No one has provided convincing evidence that Codd intended to exclude nested tables entirely. People seem to be conflating i) good database design, as suggested by Codd ii) the feature-set of a DBMS, also as suggested by Codd.
> The "normal forms" could merely be suggestions for a database designer, not a technical limitation enforced by the software itself.
I think most of the motivation for normal forms is to avoid 'update anomalies', which is essentially, don't represent the same information in two places in your base relation variables (aka tables in SQL). So you can have repeated values or nested relations in queries, and you can have them in base tables which are morally normalized, as long as there's no possibility that these lead to the same information being recorded in two distinct places.
When people talk about 'denormalizing' and it's justified, I think it's breaking this rule about representing information in two or more places in exchange for performance. If you do this, the application programmer has to be careful to keep these multiple locations in sync - a kind of consistency you don't have to think about in a clean database design. I think that database management software in general cannot enforce normalisation - it can only make it easier or more difficult to use it with normalized databases.
In theory, the DBMS itself could directly support 'physical denormalization' and make this performance optimisation easier to implement and transparent to the application code. I think some SQL DBMSs have attempted to do things like this.
(Posted under a different account because I'm being slow-posted again by HN)
> In theory, the DBMS itself could directly support 'physical denormalization' and make this performance optimisation easier to implement and transparent to the application code.
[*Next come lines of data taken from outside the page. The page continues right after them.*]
text \<open>The triangle inequality through a third point uses \<open>2r \<le> s(M)\<close>.\<close>

lemma twin_dist_metric: "Metric_space twin_carrier twin_dist"
proof
  show "0 \<le> twin_dist x y" for x y by (rule twin_dist_nonneg)
  show "twin_dist x y = twin_dist y x" for x y
    unfolding twin_dist_def using mdist_commute[of M "twin_proj x" "twin_proj y"] by auto
  show "(twin_dist x y = 0) = (x = y)" if "x \<in> twin_carrier" "y \<in> twin_carrier" for x y
    using that twin_proj_in_M r_pos mdist_zero[of "twin_proj x" M "twin_proj y"] unfolding twin_dist_def
    by (auto split: if_splits)
  show "twin_dist x z \<le> twin_dist x y + twin_dist y z"
    if xyz: "x \<in> twin_carrier" "y \<in> twin_carrier" "z \<in> twin_carrier" for x y z
  proof (cases "x = z \<or> y = x \<or> y = z")
    case True thus ?thesis using twin_dist_nonneg[of x y] twin_dist_nonneg[of y z] by auto
  next
    case False
    show ?thesis
    proof (cases "twin_proj x = twin_proj z")
      case False
      hence "twin_dist x z = mdist M (twin_proj x) (twin_proj z)" by (rule twin_dist_eq)
      also have "\<dots> \<le> mdist M (twin_proj x) (twin_proj y) + mdist M (twin_proj y) (twin_proj z)"
        using mdist_triangle twin_proj_in_M xyz by metis
      also have "\<dots> \<le> twin_dist x y + twin_dist y z"
        using twin_dist_ge[OF xyz(1), of y] twin_dist_ge[OF xyz(2), of z] by simp
      finally show ?thesis .
    next
      case True
      hence "twin_proj y \<noteq> twin_proj x" using twin_proj_eq_other xyz False by blast
      hence "s_inv M \<le> twin_dist x y"
        using s_inv_le_mdist twin_proj_in_M xyz twin_dist_ge[OF xyz(1), of y] by (metis order_trans)
      moreover have "twin_dist x z \<le> 2*r"
        using twin_dist_le[OF xyz(1), of z] True twin_proj_in_M[OF xyz(3)] by simp
      ultimately show ?thesis using twin_dist_nonneg[of y z] r_s_inv r_pos by linarith
    qed
  qed
qed

definition twin_space :: mspc where "twin_space = metric (twin_carrier, twin_dist)"

lemma mspace_twin_space [simp]: "mspace twin_space = twin_carrier"
  and mdist_twin_space [simp]: "mdist twin_space = twin_dist"
proof -
  interpret Metric_space twin_carrier twin_dist by (rule twin_dist_metric)
  show "mspace twin_space = twin_carrier" "mdist twin_space = twin_dist" by (simp_all add: twin_space_def)
qed

lemma finite_twin_carrier: "finite twin_carrier"
  unfolding twin_carrier_def using finite_M by simp

lemma cms_twin_space: "cms twin_space"
  using finite_imp_compactin[OF _ finite_twin_carrier, of "mtopology_of twin_space"]
  unfolding cms_def compact_space_def by (simp add: twin_carrier_def)

lemma onto_distortion_twin_proj: "onto_distortion_le twin_space M twin_proj (2*r)"
  unfolding onto_distortion_le_def
proof (intro conjI ballI)
  show "twin_proj ` mspace twin_space = mspace M"
    using twin_proj_in_M twin_proj_id unfolding mspace_twin_space twin_carrier_def by force
  fix x x' assume "x \<in> mspace twin_space" "x' \<in> mspace twin_space"
  thus "\<bar>mdist twin_space x x' - mdist M (twin_proj x) (twin_proj x')\<bar> \<le> 2*r"
    using twin_dist_ge[of x x'] twin_dist_le[of x x'] by auto
qed

lemma twin_points_distortion:
  "\<bar>mdist twin_space twin_point base_point - mdist M (twin_proj twin_point) (twin_proj base_point)\<bar> = 2*r"
  using twin_dist_twin_base base_point_in_M twin_proj_id r_pos by (simp add: twin_proj_def)

lemma twin_points_in_carrier: "twin_point \<in> twin_carrier" "base_point \<in> twin_carrier"
  unfolding twin_carrier_def using base_point_in_M by auto

lemma dGH_twin_space: "dGH M twin_space = r"
proof (rule antisym)
  show "dGH M twin_space \<le> r"
    using dGH_le_onto_distortion[OF cms_M cms_twin_space onto_distortion_twin_proj] r_pos by simp
  show "r \<le> dGH M twin_space"
    using twin_points_distortion twin_points_in_carrier
    by (intro dGH_ge_if_distortion_attained[OF cms_twin_space onto_distortion_twin_proj]) force
qed

end

section \<open>A path from a space on the sphere to the twin space\<close>

definition pseudometric_on :: "'a set \<Rightarrow> ('a \<Rightarrow> 'a \<Rightarrow> real) \<Rightarrow> bool" where
  "pseudometric_on S e \<longleftrightarrow> (\<forall>u v. 0 \<le> e u v \<and> e u v = e v u) \<and> (\<forall>u\<in>S. e u u = 0) \<and>
     (\<forall>u\<in>S. \<forall>v\<in>S. \<forall>w\<in>S. e u w \<le> e u v + e v w)"

lemma pseudometric_on_pullback:
  "Metric_space T d \<Longrightarrow> f ` S \<subseteq> T \<Longrightarrow> pseudometric_on S (\<lambda>u v. d (f u) (f v))"
  unfolding pseudometric_on_def
  by (auto simp: Metric_space.commute Metric_space.nonneg Metric_space.mdist_zero image_subset_iff
      intro: Metric_space.triangle)

lemma Metric_space_add_pseudometrics:
  assumes "Metric_space S d" "pseudometric_on S e1" "pseudometric_on S e2"
    and "0 < a" "0 \<le> b" "0 \<le> c"
  shows "Metric_space S (\<lambda>u v. a * d u v + b * e1 u v + c * e2 u v)"
proof -
  interpret Metric_space S d by fact
  have e1: "\<And>u v. 0 \<le> e1 u v" "\<And>u v. e1 u v = e1 v u" "\<And>u. u\<in>S \<Longrightarrow> e1 u u = 0"
    "\<And>u v w. u\<in>S \<Longrightarrow> v\<in>S \<Longrightarrow> w\<in>S \<Longrightarrow> e1 u w \<le> e1 u v + e1 v w"
    using assms(2) unfolding pseudometric_on_def by auto
  have e2: "\<And>u v. 0 \<le> e2 u v" "\<And>u v. e2 u v = e2 v u" "\<And>u. u\<in>S \<Longrightarrow> e2 u u = 0"
    "\<And>u v w. u\<in>S \<Longrightarrow> v\<in>S \<Longrightarrow> w\<in>S \<Longrightarrow> e2 u w \<le> e2 u v + e2 v w"
    using assms(3) unfolding pseudometric_on_def by auto
  show ?thesis
  proof
    show "0 \<le> a * d x y + b * e1 x y + c * e2 x y" for x y
      using assms(4-6) e1(1)[of x y] e2(1)[of x y] by simp
    show "a * d x y + b * e1 x y + c * e2 x y = a * d y x + b * e1 y x + c * e2 y x" for x y
      using commute[of x y] e1(2)[of x y] e2(2)[of x y] by simp
    show "(a * d x y + b * e1 x y + c * e2 x y = 0) = (x = y)" if "x \<in> S" "y \<in> S" for x y
    proof
      assume h: "a * d x y + b * e1 x y + c * e2 x y = 0"
      have "0 \<le> b * e1 x y" "0 \<le> c * e2 x y" "0 \<le> a * d x y"
        using assms(4-6) e1(1)[of x y] e2(1)[of x y] by simp_all
      hence "a * d x y = 0" using h by linarith
      hence "d x y = 0" using assms(4) by simp
      thus "x = y" using that by simp
    qed (use that e1(3) e2(3) in simp)
    show "a * d x z + b * e1 x z + c * e2 x z \<le>
        (a * d x y + b * e1 x y + c * e2 x y) + (a * d y z + b * e1 y z + c * e2 y z)"
      if "x \<in> S" "y \<in> S" "z \<in> S" for x y z
    proof -
      have "a * d x z \<le> a * (d x y + d y z)" using triangle[OF that] assms(4) by simp
      moreover have "b * e1 x z \<le> b * (e1 x y + e1 y z)" using e1(4)[OF that] assms(5) by (simp add: mult_left_mono)
      moreover have "c * e2 x z \<le> c * (e2 x y + e2 y z)" using e2(4)[OF that] assms(6) by (simp add: mult_left_mono)
      ultimately show ?thesis by (simp add: algebra_simps)
    qed
  qed
qed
I think some SQL DBMSs have attempted to do things like this.
Automatically managed, application-transparent, physical denormalisation entirely managed by the database is something I am very, very interested in. Unfortunately I've been able to find pretty well nothing to describe what it would look like and how it would be done. If you can provide any links that would be so incredibly helpful!
It gets mentioned in the Date/Darwen books as being the right way to do things, but no actual information seems to be given.
I'm a bit fuzzy, but I think Vertica allows duplicating tables stored in multiple orders - then I think the appropriate version is picked automatically by the query optimiser. So this works not that differently to an index (which is also dbms managed performance denormalization).
There's also materialized views - if you have automatic incrementally updated materialized views, which are transparently substituted into queries, that's along these lines. I think there's a lot of progress being made here, and plenty of compromises used in the field that have been in production for a long time.
I think there's some ambitious work on materialized views being done in postgres.
> It gets mentioned in the Date/Darwen books as being the right way to do things, but no actual information seems to be given.
I don't think they ever convincingly got into the details on it.
> Automatically managed, application-transparent, physical denormalisation entirely managed by the database is something I am very, very interested in.
> I think most of the motivation for normal forms is to avoid 'update anomalies', which is essentially, don't represent the same information in two places
This is true for the second and higher normal forms, but not for first normal form. First normal form is about eliminating nested tables, not about eliminating redundant data.
> No one has provided convincing evidence that Codd intended to exclude nested tables entirely.
See Codds original paper (linked in a sibling comment) section 1.4.
Note that the relational algebra developed by Codd does not support querying nested tables, which would make them practically useless, even if allowed.
Can anyone elucidate? Please don't shout that I'm wrong because there was something there in his first paper.